_Problem statement_:
Among the lines of data below, reproduce only those from the one with "by (intro safety_Un" through the one with "text \<open>The axioms", exactly as they stand, both ends included.

_Record set_:
definition safety :: "'a set \<Rightarrow> (nat \<Rightarrow> 'a set) set \<Rightarrow> bool" where
  "safety AP S \<longleftrightarrow>
    (\<forall>w. (\<forall>j. w j \<subseteq> AP) \<longrightarrow> (\<forall>i>0. extends_into AP S i w) \<longrightarrow> w \<in> S)"

lemma k_safe_iff_safety: "k_safe K AP k f \<longleftrightarrow> safety AP {w. nle K k (f w)}"
  by (simp add: k_safe_def safety_def extends_into_def)

lemma safetyD:
  "safety AP S \<Longrightarrow> \<forall>j. w j \<subseteq> AP \<Longrightarrow> (\<And>i. i > 0 \<Longrightarrow> extends_into AP S i w) \<Longrightarrow> w \<in> S"
  by (simp add: safety_def)

lemma extends_into_mono: "S \<subseteq> T \<Longrightarrow> extends_into AP S i w \<Longrightarrow> extends_into AP T i w"
  by (auto simp: extends_into_def)

lemma extends_into_Un:
  "extends_into AP (S \<union> T) i w \<longleftrightarrow> extends_into AP S i w \<or> extends_into AP T i w"
  by (auto simp: extends_into_def)

lemma extends_into_shorter:
  assumes "i \<le> i'" and "\<forall>j. w j \<subseteq> AP" and "extends_into AP S i' w"
  shows "extends_into AP S i w"
proof -
  obtain u where u: "\<forall>j. u j \<subseteq> AP" "conc i' w u \<in> S"
    using assms(3) by (auto simp: extends_into_def)
  let ?v = "\<lambda>j. conc i' w u (i + j)"
  have "conc i w ?v = conc i' w u" using assms(1) by (auto simp: conc_def fun_eq_iff)
  moreover have "\<forall>j. ?v j \<subseteq> AP" using assms(2) u(1) by (simp add: conc_def)
  ultimately show ?thesis using u(2) unfolding extends_into_def by metis
qed

lemma safety_Un:
  assumes S: "safety AP S" and T: "safety AP T"
  shows "safety AP (S \<union> T)"
  unfolding safety_def
proof (intro allI impI)
  fix w assume w: "\<forall>j. w j \<subseteq> AP" and ext: "\<forall>i>0. extends_into AP (S \<union> T) i w"
  show "w \<in> S \<union> T"
  proof (cases "\<forall>i. \<exists>i'\<ge>i. extends_into AP S i' w")
    case True
    then have "w \<in> S" using extends_into_shorter w by (blast intro: safetyD[OF S w])
    then show ?thesis by simp
  next
    case False
    then obtain a where a: "\<forall>i'\<ge>a. \<not> extends_into AP S i' w" by blast
    have "extends_into AP T i w" if "i > 0" for i
    proof -
      have "extends_into AP T (max a i) w"
        using ext[rule_format, of "max a i"] a that by (auto simp: extends_into_Un)
      then show ?thesis using extends_into_shorter[OF max.cobounded2 w] by blast
    qed
    then have "w \<in> T" by (rule safetyD[OF T w])
    then show ?thesis by simp
  qed
qed

lemma safety_Inter:
  assumes "\<And>S. S \<in> \<S> \<Longrightarrow> safety AP S"
  shows "safety AP (\<Inter>\<S>)"
  unfolding safety_def
proof (intro allI impI InterI)
  fix w S assume "\<forall>j. w j \<subseteq> AP" "\<forall>i>0. extends_into AP (\<Inter>\<S>) i w" "S \<in> \<S>"
  then show "w \<in> S" by (meson Inter_lower assms extends_into_mono safetyD)
qed

lemma safety_INT: "(\<And>x. x \<in> I \<Longrightarrow> safety AP (F x)) \<Longrightarrow> safety AP (\<Inter>x\<in>I. F x)"
  by (rule safety_Inter) blast

lemma safety_Int: "safety AP S \<Longrightarrow> safety AP T \<Longrightarrow> safety AP (S \<inter> T)"
  using safety_Inter[of "{S, T}"] by auto

lemma safety_empty: "safety AP {}"
  by (auto simp: safety_def extends_into_def)

lemma safety_UNIV: "safety AP UNIV"
  by (simp add: safety_def)

lemma safety_UN:
  "finite I \<Longrightarrow> (\<And>x. x \<in> I \<Longrightarrow> safety AP (F x)) \<Longrightarrow> safety AP (\<Union>x\<in>I. F x)"
  by (induction I rule: finite_induct) (simp_all add: safety_empty safety_Un)

lemma suffix_conc: "suffix n (conc (i + n) w u) = conc i (suffix n w) u"
  by (auto simp: suffix_def conc_def fun_eq_iff)

lemma safety_suffix_vimage:
  assumes "safety AP S"
  shows "safety AP {w. suffix n w \<in> S}"
  unfolding safety_def
proof (intro allI impI)
  fix w assume w: "\<forall>j. w j \<subseteq> AP" and ext: "\<forall>i>0. extends_into AP {w. suffix n w \<in> S} i w"
  have "extends_into AP S i (suffix n w)" if "i > 0" for i
    using ext[rule_format, of "i + n"] that by (simp add: extends_into_def suffix_conc)
  moreover have "\<forall>j. suffix n w j \<subseteq> AP" using w by (simp add: suffix_def)
  ultimately show "w \<in> {w. suffix n w \<in> S}" using safetyD[OF assms] by blast
qed

lemma safety_first_letter: "safety AP {w. P (w 0)}"
proof -
  have "P (w 0)" if "extends_into AP {w. P (w 0)} 1 w" for w :: "nat \<Rightarrow> 'a set"
    using that by (auto simp: extends_into_def conc_def)
  then show ?thesis by (auto simp: safety_def)
qed

lemma safety_weak_until:
  assumes X: "safety AP X" and Y: "safety AP Y"
  shows "safety AP {w. (\<forall>i. suffix i w \<in> X) \<or> (\<exists>i. suffix i w \<in> Y \<and> (\<forall>j<i. suffix j w \<in> X))}"
    (is "safety AP ?U")
proof -
  define A where "A n = (\<Inter>i\<le>n. {w. suffix i w \<in> X}) \<union>
    (\<Union>i\<le>n. {w. suffix i w \<in> Y} \<inter> (\<Inter>j<i. {w. suffix j w \<in> X}))" for n
  have "?U = (\<Inter>n. A n)"
  proof (intro equalityI subsetI)
    fix w assume "w \<in> ?U"
    then consider "\<forall>i. suffix i w \<in> X" | i where "suffix i w \<in> Y" "\<forall>j<i. suffix j w \<in> X"
      by blast
    then show "w \<in> (\<Inter>n. A n)"
    proof cases
      case (2 i)
      have "w \<in> A n" for n
        using 2 by (cases "i \<le> n") (auto simp: A_def)
      then show ?thesis by blast
    qed (simp add: A_def)
  next
    fix w assume w: "w \<in> (\<Inter>n. A n)"
    show "w \<in> ?U"
    proof (cases "\<forall>i. suffix i w \<in> X")
      case False
      then obtain i where "suffix i w \<notin> X" by blast
      define m where "m = (LEAST i. suffix i w \<notin> X)"
      have "suffix m w \<notin> X" unfolding m_def by (rule LeastI) fact
      moreover have "\<forall>j<m. suffix j w \<in> X" unfolding m_def using not_less_Least by blast
      moreover have "w \<in> A m" using w by blast
      ultimately show ?thesis unfolding A_def by blast
    qed simp
  qed
  moreover have "safety AP (A n)" for n
    unfolding A_def
    by (intro safety_Un safety_UN safety_Int safety_INT safety_suffix_vimage X Y finite_atMost)
  ultimately show ?thesis by (simp add: safety_INT)
qed

lemma BigOr_closed:
  assumes "xs \<noteq> []" and "\<And>p. p \<in> set xs \<Longrightarrow> P p" and "\<And>p q. P p \<Longrightarrow> P q \<Longrightarrow> P (Or p q)"
  shows "P (BigOr xs)"
  using assms by (induction xs rule: BigOr.induct) auto

lemma fin_valued_if_range_subset: "finite V \<Longrightarrow> range s \<subseteq> V \<Longrightarrow> fin_valued s"
  unfolding fin_valued_def by (rule finite_subset)

text \<open>The axioms of \<^const>\<open>idem_ordered_tgp\<close> actually used, plus nontriviality.\<close>

locale idem_tgp =
  fixes K :: "'k tgp"
  assumes pl_assoc: "pl K (pl K a b) c = pl K a (pl K b c)"
    and pl_commute: "pl K a b = pl K b a"
    and pl_zero: "pl K (zer K) a = a"
    and pl_idem: "pl K a a = a"
    and nle_total: "nle K a b \<or> nle K b a"
    and Sum_cong: "\<And>f g I. \<forall>i\<in>I. f i = g i \<Longrightarrow> Sum K f I = Sum K g I"
    and Sum_singleton: "Sum K f {j} = f j"
    and Sum_doubleton: "\<And>f j l. j \<noteq> l \<Longrightarrow> Sum K f {j, l} = pl K (f j) (f l)"
    and Sum_partition: "\<And>f I J P. (\<Union>j\<in>J. P j) = I \<Longrightarrow>
      \<forall>j\<in>J. \<forall>j'\<in>J. j \<noteq> j' \<longrightarrow> P j \<inter> P j' = {} \<Longrightarrow>
      Sum K f I = Sum K (\<lambda>j. Sum K f (P j)) J"
    and Sum_const_tm_one: "Sum K (\<lambda>_. tm K a (one K)) I = tm K a (Sum K (\<lambda>_. one K) I)"
    and tm_zero: "tm K (zer K) a = zer K \<and> tm K a (zer K) = zer K"
    and tm_one: "tm K (one K) a = a \<and> tm K a (one K) = a"
    and Val_zero: "\<And>s. fin_valued s \<Longrightarrow> \<exists>i. s i = zer K \<Longrightarrow> Val K s = zer K"
    and nle_one: "nle K a (one K)"
    and Val_lower_bound: "fin_valued s \<Longrightarrow> (\<And>i. nle K c (s i)) \<Longrightarrow> nle K c (Val K s)"
    and one_neq_zero: "one K \<noteq> zer K"

lemma idem_tgpI:
  assumes "idem_ordered_tgp K" and "k \<noteq> zer K"
  shows "idem_tgp K"
proof -
  have "one K \<noteq> zer K"
  proof
    assume "one K = zer K"
    then have "k = zer K" using assms(1) unfolding idem_ordered_tgp_def by metis
    with assms(2) show False ..
  qed
  with assms(1) show ?thesis unfolding idem_ordered_tgp_def idem_tgp_def
    by (elim conjE) (intro conjI; assumption)
qed

context idem_tgp
begin

abbreviation nle_K (infix "\<preceq>" 50) where "a \<preceq> b \<equiv> nle K a b"

lemma nle_refl: "a \<preceq> a"
  by (simp add: nle_def pl_idem)

lemma nle_antisym: "a \<preceq> b \<Longrightarrow> b \<preceq> a \<Longrightarrow> a = b"
  unfolding nle_def by (metis pl_commute)

lemma nle_trans: "a \<preceq> b \<Longrightarrow> b \<preceq> c \<Longrightarrow> a \<preceq> c"
  unfolding nle_def by (metis pl_assoc)

lemma nle_pl_left: "a \<preceq> pl K a b"
  unfolding nle_def by (metis pl_assoc pl_commute pl_idem)

lemma nle_pl_right: "b \<preceq> pl K a b"
  using nle_pl_left pl_commute by metis

lemma pl_cases: "pl K a b = a \<or> pl K a b = b"
  using nle_total[of a b] unfolding nle_def by (metis pl_commute)

lemma zero_nle: "zer K \<preceq> a"
  unfolding nle_def by (metis pl_commute pl_zero)

lemma nle_zero_iff: "a \<preceq> zer K \<longleftrightarrow> a = zer K"
  using nle_antisym zero_nle nle_refl by metis

lemma one_nle_iff: "one K \<preceq> a \<longleftrightarrow> a = one K"
  using nle_antisym nle_one nle_refl by metis

lemma pl_eq_zero_iff: "pl K a b = zer K \<longleftrightarrow> a = zer K \<and> b = zer K"
  by (metis nle_pl_left nle_pl_right nle_zero_iff pl_zero)

lemma Sum_zero:
  assumes "\<forall>i\<in>I. f i = zer K"
  shows "Sum K f I = zer K"
proof -
  have "Sum K f I = Sum K (\<lambda>_. tm K (zer K) (one K)) I"
    using assms by (intro Sum_cong) (simp add: tm_zero)
  also have "\<dots> = tm K (zer K) (Sum K (\<lambda>_. one K) I)"
    by (rule Sum_const_tm_one)
  finally show ?thesis by (simp only: tm_zero)
qed

lemma Sum_upper:
  assumes "i \<in> I"
  shows "f i \<preceq> Sum K f I"
proof -
  obtain j0 j1 :: idx where distinct: "j0 \<noteq> j1"
    using fun_eq_iff[of "\<lambda>_. 0 :: nat" "\<lambda>_. 1"] by auto
  define P where "P j = (if j = j0 then {i} else I - {i})" for j
  have "Sum K f I = Sum K (\<lambda>j. Sum K f (P j)) {j0, j1}"
    by (rule Sum_partition) (use assms distinct in \<open>auto simp: P_def\<close>)
  also have "\<dots> = pl K (f i) (Sum K f (I - {i}))"
    using distinct by (simp add: Sum_doubleton Sum_singleton P_def)
  finally show ?thesis by (simp add: nle_pl_left)
qed

lemma Sum_eq_zero_iff: "Sum K f I = zer K \<longleftrightarrow> (\<forall>i\<in>I. f i = zer K)"
  using Sum_zero Sum_upper nle_zero_iff by metis

definition dichotomous :: "'k \<Rightarrow> 'k \<Rightarrow> bool" where
  "dichotomous c v \<longleftrightarrow> v = zer K \<or> c \<preceq> v"

lemma dichotomous_iff_nonzero: "c \<noteq> zer K \<Longrightarrow> dichotomous c v \<Longrightarrow> c \<preceq> v \<longleftrightarrow> v \<noteq> zer K"
  unfolding dichotomous_def using nle_zero_iff by metis

lemma dichotomous_weaken: "c' \<preceq> c \<Longrightarrow> dichotomous c v \<Longrightarrow> dichotomous c' v"
  unfolding dichotomous_def using nle_trans by metis

lemma dichotomous_one_iff: "dichotomous (one K) v \<longleftrightarrow> v = zer K \<or> v = one K"
  unfolding dichotomous_def using one_nle_iff by metis

lemma dichotomous_pl: "dichotomous c a \<Longrightarrow> dichotomous c b \<Longrightarrow> dichotomous c (pl K a b)"
  using pl_cases by metis

lemma dichotomous_tm:
  assumes "dichotomous (one K) a" and "dichotomous c b"
  shows "dichotomous c (tm K a b)" and "dichotomous c (tm K b a)"
proof -
  from assms(1) have "a = zer K \<or> a = one K" by (simp add: dichotomous_one_iff)
  with assms(2) show "dichotomous c (tm K a b)" and "dichotomous c (tm K b a)"
    by (auto simp: tm_zero tm_one dichotomous_def)
qed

_Task response_:
    by (intro safety_Un safety_UN safety_Int safety_INT safety_suffix_vimage X Y finite_atMost)
  ultimately show ?thesis by (simp add: safety_INT)
qed

lemma BigOr_closed:
  assumes "xs \<noteq> []" and "\<And>p. p \<in> set xs \<Longrightarrow> P p" and "\<And>p q. P p \<Longrightarrow> P q \<Longrightarrow> P (Or p q)"
  shows "P (BigOr xs)"
  using assms by (induction xs rule: BigOr.induct) auto

lemma fin_valued_if_range_subset: "finite V \<Longrightarrow> range s \<subseteq> V \<Longrightarrow> fin_valued s"
  unfolding fin_valued_def by (rule finite_subset)

text \<open>The axioms of \<^const>\<open>idem_ordered_tgp\<close> actually used, plus nontriviality.\<close>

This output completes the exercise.